Feeling Lenty

Thursday morning was a beautiful morning for me. And the thing is, even though I know that using words to describe it will not really work, and will only come off as cheesy; and it also won't even come close to capturing the glory of the morning...I feel compelled to share it anyway.
I was talking to a friend Thursday morning saying that I just wasn't feeling very "lenty" during this season of Lent. Often Lent is really important for me in terms of connecting with God and awakening my spiritual life. This time, I didn't add any practices (I usually add something instead of giving something up), and I just kind of went through the days as usual. But I noticed that the newest Speaking of Faith (NPR's weekly, hour-long show on faith and values; not necessarily Christian, just faiths in general) in my podcast inbox was an Armenian Orthodox man (Vigen Goroian) speaking about "Restoring the Senses: Life, Gardening, and an Orthodox Easter." So, on my morning walk, Vigen and Krista Tippet (the host of the show) accompanied me. For some reason, when they started talking about Easter, and senses, and new life, I almost immediately started crying.
See, I think the problem is, it's very common in the Western Church (and my particular congregation) to focus on Lent and Good Friday and Easter being about our yucky sinfulness and Jesus dying for our sins. And it's not like I don't believe in that at all...but the legalistic way of thinking about this time just doesn't capture me like it used to.

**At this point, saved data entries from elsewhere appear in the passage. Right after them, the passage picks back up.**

lemma qpoch_times_qbinom_coeff:
  assumes "0 < p" "i \<le> k" "r \<le> k"
  shows "qpoch (1 / p ^ k) p i * qbinom_coeff (k - i) r p
    = qbinom_coeff k r p * qpoch (1 / p ^ (k - r)) p i"
proof -
  have "1 / p ^ k * p ^ i = 1 / p ^ (k - i)" "1 / p ^ k * p ^ r = 1 / p ^ (k - r)"
    using assms by (simp_all add: power_diff)
  then have "qpoch (1 / p ^ k) p i * qpoch (1 / p ^ (k - i)) p r
      = qpoch (1 / p ^ k) p r * qpoch (1 / p ^ (k - r)) p i"
    using qpoch_add[of "1 / p ^ k" p i r] qpoch_add[of "1 / p ^ k" p r i] by (simp add: add.commute)
  then show ?thesis unfolding qbinom_coeff_def by simp
qed

theorem q_Chu_Vandermonde:
  assumes "0 < p" "p < 1"
  shows "(\<Sum>i\<le>n. qbinom_coeff n i p * qpoch b p i * qpoch (c * p ^ i) p (n - i) * p ^ i)
    = (\<Prod>j<n. b - c * p ^ j)"
proof (induction n arbitrary: c)
  case (Suc n)
  define A where "A = (\<Sum>i\<le>Suc n. qbinom_coeff n i p * qpoch b p i
      * qpoch (c * p ^ i) p (Suc n - i))"
  define B where "B = (\<Sum>i\<le>n. qbinom_coeff n i p * qpoch b p (Suc i)
      * qpoch (c * p ^ Suc i) p (n - i))"
  have "(\<Sum>i\<le>Suc n. qbinom_coeff (Suc n) i p * qpoch b p i * qpoch (c * p ^ i) p (Suc n - i) * p ^ i)
      = qpoch c p (Suc n) + (\<Sum>i\<le>n. (qbinom_coeff n (Suc i) p - qbinom_coeff n i p)
          * qpoch b p (Suc i) * qpoch (c * p ^ Suc i) p (n - i))"
    using assms by (subst sum.atMost_Suc_shift) (simp add: qbinom_coeff_Suc_Suc(2))
  also have "\<dots> = A - B"
    unfolding A_def B_def by (subst sum.atMost_Suc_shift) (simp add: algebra_simps sum_subtractf)
  also have "A = (\<Sum>i\<le>n. qbinom_coeff n i p * qpoch b p i
        * ((1 - c * p ^ i) * qpoch (c * p ^ Suc i) p (n - i)))"
    using qbinom_coeff_eq_0[OF assms(1), of n "Suc n"] unfolding A_def
    by (auto intro!: sum.cong simp: Suc_diff_le qpoch_Suc_left
        mult.assoc mult.commute[of "p ^ _" p])
  also have "B = (\<Sum>i\<le>n. qbinom_coeff n i p * qpoch b p i
        * ((1 - b * p ^ i) * qpoch (c * p ^ Suc i) p (n - i)))"
    unfolding B_def by (simp add: qpoch_Suc mult.assoc)
  also have "(\<Sum>i\<le>n. qbinom_coeff n i p * qpoch b p i
        * ((1 - c * p ^ i) * qpoch (c * p ^ Suc i) p (n - i)))
      - (\<Sum>i\<le>n. qbinom_coeff n i p * qpoch b p i
          * ((1 - b * p ^ i) * qpoch (c * p ^ Suc i) p (n - i)))
      = (b - c) * (\<Sum>i\<le>n. qbinom_coeff n i p * qpoch b p i
          * qpoch (c * p * p ^ i) p (n - i) * p ^ i)"
    unfolding sum_subtractf[symmetric] sum_distrib_left
    by (rule sum.cong[OF refl]) (simp add: algebra_simps)
  also have "\<dots> = (\<Prod>j<Suc n. b - c * p ^ j)"
    using Suc.IH[of "c * p"] by (subst prod.lessThan_Suc_shift) (simp add: mult.assoc)
  finally show ?case .
qed simp

theorem q_Chu_Vandermonde_sum:
  assumes "0 < p" "p < 1" "qpoch c p n \<noteq> 0"
  shows "(\<Sum>i\<le>n. qpoch (1 / p ^ n) p i * qpoch b p i / (qpoch c p i * qpoch p p i) * p ^ i)
    = (\<Prod>j<n. b - c * p ^ j) / qpoch c p n"
proof -
  have "(\<Sum>i\<le>n. qpoch (1 / p ^ n) p i * qpoch b p i / (qpoch c p i * qpoch p p i) * p ^ i)
      = (\<Sum>i\<le>n. qbinom_coeff n i p * qpoch b p i
          * qpoch (c * p ^ i) p (n - i) * p ^ i) / qpoch c p n"
    unfolding sum_divide_distrib
  proof (rule sum.cong[OF refl])
    fix i assume "i \<in> {..n}"
    then have split: "qpoch c p n = qpoch c p i * qpoch (c * p ^ i) p (n - i)"
      using qpoch_add[of c p i "n - i"] by simp
    then have "qpoch c p i \<noteq> 0" "qpoch (c * p ^ i) p (n - i) \<noteq> 0"
      using assms(3) by auto
    then show "qpoch (1 / p ^ n) p i * qpoch b p i / (qpoch c p i * qpoch p p i) * p ^ i
        = qbinom_coeff n i p * qpoch b p i * qpoch (c * p ^ i) p (n - i) * p ^ i / qpoch c p n"
      unfolding split qbinom_coeff_def using qpoch_self_pos[OF assms(1,2), of i]
      by (simp add: field_simps)
  qed
  then show ?thesis
    unfolding q_Chu_Vandermonde[OF assms(1,2)] .
qed

section \<open>The q-binomial series\<close>

text \<open>The Gaussian binomial coefficient \<open>[m + k, k]_p\<close>.\<close>

definition qbinom_series_coeff :: "nat \<Rightarrow> nat \<Rightarrow> real \<Rightarrow> real" where
  "qbinom_series_coeff k m p = qpoch (p ^ Suc m) p k / qpoch p p k"

lemma qbinom_series_coeff_nonneg: "0 < p \<Longrightarrow> p < 1 \<Longrightarrow> qbinom_series_coeff k m p \<ge> 0"
  unfolding qbinom_series_coeff_def
  by (intro divide_nonneg_pos less_imp_le qpoch_pos qpoch_self_pos)
     (auto simp del: power_Suc simp: power_add[symmetric] intro!: power_Suc_less_one)

lemma qbinom_series_coeff_0 [simp]: "0 < p \<Longrightarrow> p < 1 \<Longrightarrow> qbinom_series_coeff k 0 p = 1"
  unfolding qbinom_series_coeff_def using qpoch_self_pos[of p k] by simp

lemma qbinom_series_coeff_Suc_Suc:
  assumes "0 < p" "p < 1"
  shows "qbinom_series_coeff (Suc k) (Suc m) p
    = qbinom_series_coeff k (Suc m) p + p ^ Suc k * qbinom_series_coeff (Suc k) m p"
proof -
  have A: "qpoch (p ^ Suc (Suc m)) p (Suc k)
      = qpoch (p ^ Suc (Suc m)) p k * (1 - p ^ Suc (Suc m) * p ^ k)"
    and B: "qpoch p p (Suc k) = qpoch p p k * (1 - p ^ Suc k)"
    by (simp_all add: qpoch_Suc)
  have C: "qpoch (p ^ Suc m) p (Suc k) = (1 - p ^ Suc m) * qpoch (p ^ Suc (Suc m)) p k"
    by (simp add: qpoch_Suc_left mult.commute)
  have "qpoch p p k > 0" "1 - p ^ Suc k > 0"
    using assms qpoch_self_pos power_Suc_less_one[OF assms] by auto
  then show ?thesis unfolding qbinom_series_coeff_def A B C by (simp add: field_simps)
qed

lemma qbinom_series_coeff_Suc:
  assumes "0 < p" "p < 1"
  shows "qbinom_series_coeff (Suc k) m p
    = (\<Sum>j\<le>m. qbinom_series_coeff k j p * (p ^ Suc k) ^ (m - j))"
proof (induction m)
  case (Suc m)
  have "(\<Sum>j\<le>m. qbinom_series_coeff k j p * (p ^ Suc k) ^ (Suc m - j))
      = p ^ Suc k * (\<Sum>j\<le>m. qbinom_series_coeff k j p * (p ^ Suc k) ^ (m - j))"
    unfolding sum_distrib_left by (rule sum.cong[OF refl]) (simp add: Suc_diff_le algebra_simps)
  then show ?case using Suc assms by (simp add: qbinom_series_coeff_Suc_Suc)
qed (use assms in simp)

theorem qbinom_series_sums:
  assumes "0 < p" "p < 1" "0 \<le> t" "t < 1"
  shows "(\<lambda>m. qbinom_series_coeff k m p * t ^ m) sums (1 / qpoch t p (Suc k))"
proof (induction k)
  case 0
  have "qbinom_series_coeff 0 m p = 1" for m
    unfolding qbinom_series_coeff_def by simp
  then show ?case using geometric_sums[of t] assms by (simp add: qpoch_def)
next
  case (Suc k)
  define a where "a i = qbinom_series_coeff k i p * t ^ i" for i
  define b where "b i = (p ^ Suc k * t) ^ i" for i
  have "p ^ Suc k < 1" "0 < p ^ Suc k"
    using assms power_Suc_less_one[OF assms(1,2)] by (auto simp del: power_Suc)
  then have pt: "0 \<le> p ^ Suc k * t" "p ^ Suc k * t < 1"
    using assms by (auto simp del: power_Suc intro: le_less_trans[OF mult_left_le_one_le])
  have sa: "a sums (1 / qpoch t p (Suc k))"
    using Suc unfolding a_def .
  have sb: "b sums (1 / (1 - p ^ Suc k * t))"
    unfolding b_def using pt by (intro geometric_sums) auto
  have "summable (\<lambda>i. norm (a i))"
    using sa assms qbinom_series_coeff_nonneg[OF assms(1,2)]
      unfolding a_def by (simp add: sums_summable)
  moreover have "summable (\<lambda>i. norm (b i))"
    using sb pt unfolding b_def by (simp add: sums_summable)
  ultimately have "(\<lambda>m. \<Sum>i\<le>m. a i * b (m - i)) sums (suminf a * suminf b)"
    by (rule Cauchy_product_sums)
  moreover have "(\<Sum>i\<le>m. a i * b (m - i)) = qbinom_series_coeff (Suc k) m p * t ^ m" for m
  proof -
    have "(\<Sum>i\<le>m. a i * b (m - i))
        = (\<Sum>i\<le>m. qbinom_series_coeff k i p * (p ^ Suc k) ^ (m - i) * t ^ m)"
      unfolding a_def b_def
      by (rule sum.cong[OF refl]) (simp add: power_mult_distrib power_add[symmetric])
    then show ?thesis
      using qbinom_series_coeff_Suc[OF assms(1,2)] by (simp add: sum_distrib_right)
  qed
  moreover have "suminf a * suminf b = 1 / qpoch t p (Suc (Suc k))"
    using sa sb by (simp add: sums_iff qpoch_Suc mult.commute)
  ultimately show ?case by simp
qed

It's not a metaphor that resonates with me on a deep level anymore. Partly it's because I just don't feel all this guilt anymore about my sinfulness; so this whole legal transaction way of thinking about the cross and Easter, well, on an emotional level it just rings hollow. HOWEVER...looking at it on other levels, really really speaks to me. Like, looking at the power of God to bring life out of death, both in my individual life and in the world that so desperately needs new life in so many ways. And seeing how the killing of Jesus reveals so much about human brokenness (that we would kill someone like Jesus), and Jesus resurrecting redeems that brokenness. Redemption, New Life, God triumphing over death/evil...the need for those things really resonates with me.
So as I was walking, and listening to Vigen talk about using all of our senses to experience Lent and Easter, I found a kumquat on the ground right on the sidewalk in front of me, even though there was no kumquat tree anywhere I could see. It was a perfect shade of bright orange, and I could squeeze it and smell a lovely citrus smell. It was just such a perfect addition to the love and hope and beauty I was feeling toward the world--and it was awakening my senses. So I just held it and smelled it for a mile or so.

Then I saw this tree--and it was just one of those moments where the beauty of everything was just overwhelming and real. And not in a sappy way. But there's no way to really explain it in words.

So anyway. Now I am more ready for Easter. I'm feeling more "lenty." Thanks to Vigen and to the common, remarkable beauties of God's creation. Happy Easter.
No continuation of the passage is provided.